Sorry to be the bearer of bad news. It does not end. :)

But: Your doubt is not trivial at all. Mathematicians required a long long long time to really clear up such difficulties.

Your confusion is similar to a paradox raised by an ancient Greek philosopher Zeno of Elea. It is the following and is called the paradox of Achilles and the Tortoise.

Achilles is in a footrace with the tortoise. Achilles allows the tortoise a head start of 100 metres. If we suppose that each racer starts running at some constant speed (one very fast and one very slow), then after some finite time, Achilles will have run 100 metres, bringing him to the tortoise's starting point. During this time, the tortoise has run a much shorter distance, say, 10 metres. It will then take Achilles some further time to run that distance, by which time the tortoise will have advanced farther; and then more time still to reach this third point, while the tortoise moves ahead. Thus, whenever Achilles reaches somewhere the tortoise has been, he still has farther to go. Therefore, because there are an infinite number of points Achilles must reach where the tortoise has already been, he can never overtake the tortoise.

The point of view of mathematics, developed later to deal with apparent paradoxes such as the above, is that a sequence like 0, 0.3, 0.33, 0.333, 0.3333, 0.33333, 0.333333, 0.3333333, ........... converges to 1/3. Perhaps I could supply some more details in the following way. Of course it would not address your question; but it might convince you that this infinite chain of 3's after the decimal point really gives 1/3.

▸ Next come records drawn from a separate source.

lemma lsc_attains_min_compact:
  fixes Q :: "real \<Rightarrow> ereal"
  assumes K: "compact K" "K \<noteq> {}"
    and lsc: "\<And>w c. Q w > ereal c \<Longrightarrow> \<exists>e>0. \<forall>y. dist y w < e \<longrightarrow> Q y > ereal c"
  shows "\<exists>w\<in>K. \<forall>y\<in>K. Q w \<le> Q y"
proof (rule ccontr)
  assume "\<not> ?thesis"
  hence "\<forall>w\<in>K. \<exists>y\<in>K. Q y < Q w" by (auto simp: not_le)
  then obtain yf where yf: "\<And>w. w \<in> K \<Longrightarrow> yf w \<in> K \<and> Q (yf w) < Q w" by metis
  have "\<forall>w\<in>K. \<exists>c. Q (yf w) < ereal c \<and> ereal c < Q w" using yf ereal_dense2 by blast
  then obtain cf where cf: "\<And>w. w \<in> K \<Longrightarrow> Q (yf w) < ereal (cf w) \<and> ereal (cf w) < Q w" by metis
  have "\<forall>w\<in>K. \<exists>e>0. \<forall>y. dist y w < e \<longrightarrow> Q y > ereal (cf w)" using cf lsc by blast
  then obtain ef where ef: "\<And>w. w \<in> K \<Longrightarrow> ef w > 0 \<and> (\<forall>y. dist y w < ef w \<longrightarrow> Q y > ereal (cf w))"
    by metis
  have "K \<subseteq> (\<Union>w\<in>K. ball w (ef w))"
    using ef by force
  then obtain T where T: "T \<subseteq> K" "finite T" "K \<subseteq> (\<Union>w\<in>T. ball w (ef w))"
    using compactE_image[OF K(1), of K "\<lambda>w. ball w (ef w)"] by auto
  have "T \<noteq> {}" using T K(2) by auto
  hence "Min (cf ` T) \<in> cf ` T" using T by (intro Min_in) auto
  \<comment> \<open>The centre \<open>w0\<close> with the least threshold is beaten by a point above every threshold.\<close>
  then obtain w0 where w0: "w0 \<in> T" "cf w0 = Min (cf ` T)" by auto
  have "yf w0 \<in> K" using yf T w0 by auto
  then obtain w1 where w1: "w1 \<in> T" "yf w0 \<in> ball w1 (ef w1)" using T by auto
  have "Q (yf w0) > ereal (cf w1)" using ef[of w1] w1 T by (auto simp: dist_commute)
  moreover have "cf w1 \<ge> cf w0" using T(2) w1(1) w0(2) by (metis Min_le finite_imageI imageI)
  moreover have "Q (yf w0) < ereal (cf w0)" using cf[of w0] w0 T by auto
  ultimately show False by (metis ereal_less_eq(3) less_le_trans order_less_asym)
qed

Surely you would agree that a sequence like 0.3, 0.03, 0.003, 0.0003, 0.00003, 0.000003, 0.0000003, 0.00000003, ............ ultimately goes to zero?

Ok, so please keep the above in mind. Now, I use some little bit of algebra. Let x denote your number 0.333333333333........

ie x = 0.3333333.... So, 10x = 3.33333333333....

subtracting, we have: 9x = 3, ie. x= 1/3. So by algebra we shown that your number must equal 1/3.

I have cheated a bit: In the above subtraction, since we do not know how to subtract an infinitely going on thing from another, what we do is actually to take a sequence of subtractions, like 3 -0, 3.3 - 0.3, 3.33 - 0.33, 3.333 - 0.333, 3.3333 - 0.3333, ....... and so on. These sequence of subtractions in a sense "converge" to the subtraction we actually want, ie. the subtraction of these infinite sequences.

Ok, why this type of thing happen? There what Wade Casaldi said applies. It is because you base our number system on 10. If our base were a multiple of 3, then the expansion of 1/3 would have terminated. Anyway regarding this kind of things you might like the song of Tom Lehrer.

But to say the complete truth, I should also mention that there are numbers which do not terminate in whatever base expansion you choose. One example of such a number is pi, the ratio of the circumference to the diameter for any circle. The precise expression for that number does not terminate in any base you choose for your representation. Moreover such numbers never have a repeating decimal expansion. A repeating decimal can be always expressed as a fraction of two integers, by the same argument given above for 0.3333333......,

Now, returning to the philosophy: Math is based on the real world; but it is not actually "real". For example, take the notion of "three". It is there in three apples, three oranges, three birds, three songs, three ideas..... But it is not any of these. In other words, this "three" is not a notion of the physical world, though it represents many things in the physical world. Just like that, the infinite sequence you have seen, is not actually a thing of the real world. Similarly, take the notion of a circle. You see circles in a lot of places. But an abstract circle is not any of those circles. Mathematics hovers uneasily between the real world and the world of thought, and so things which do not match with reality fully, are also allowed. Things are kind of "safe" in mathematics since you follow logical reasoning. It need not fit in completely with the prevailing worldview of the point. But then the advantage is that the worldviews might keep changing; but math is fixed.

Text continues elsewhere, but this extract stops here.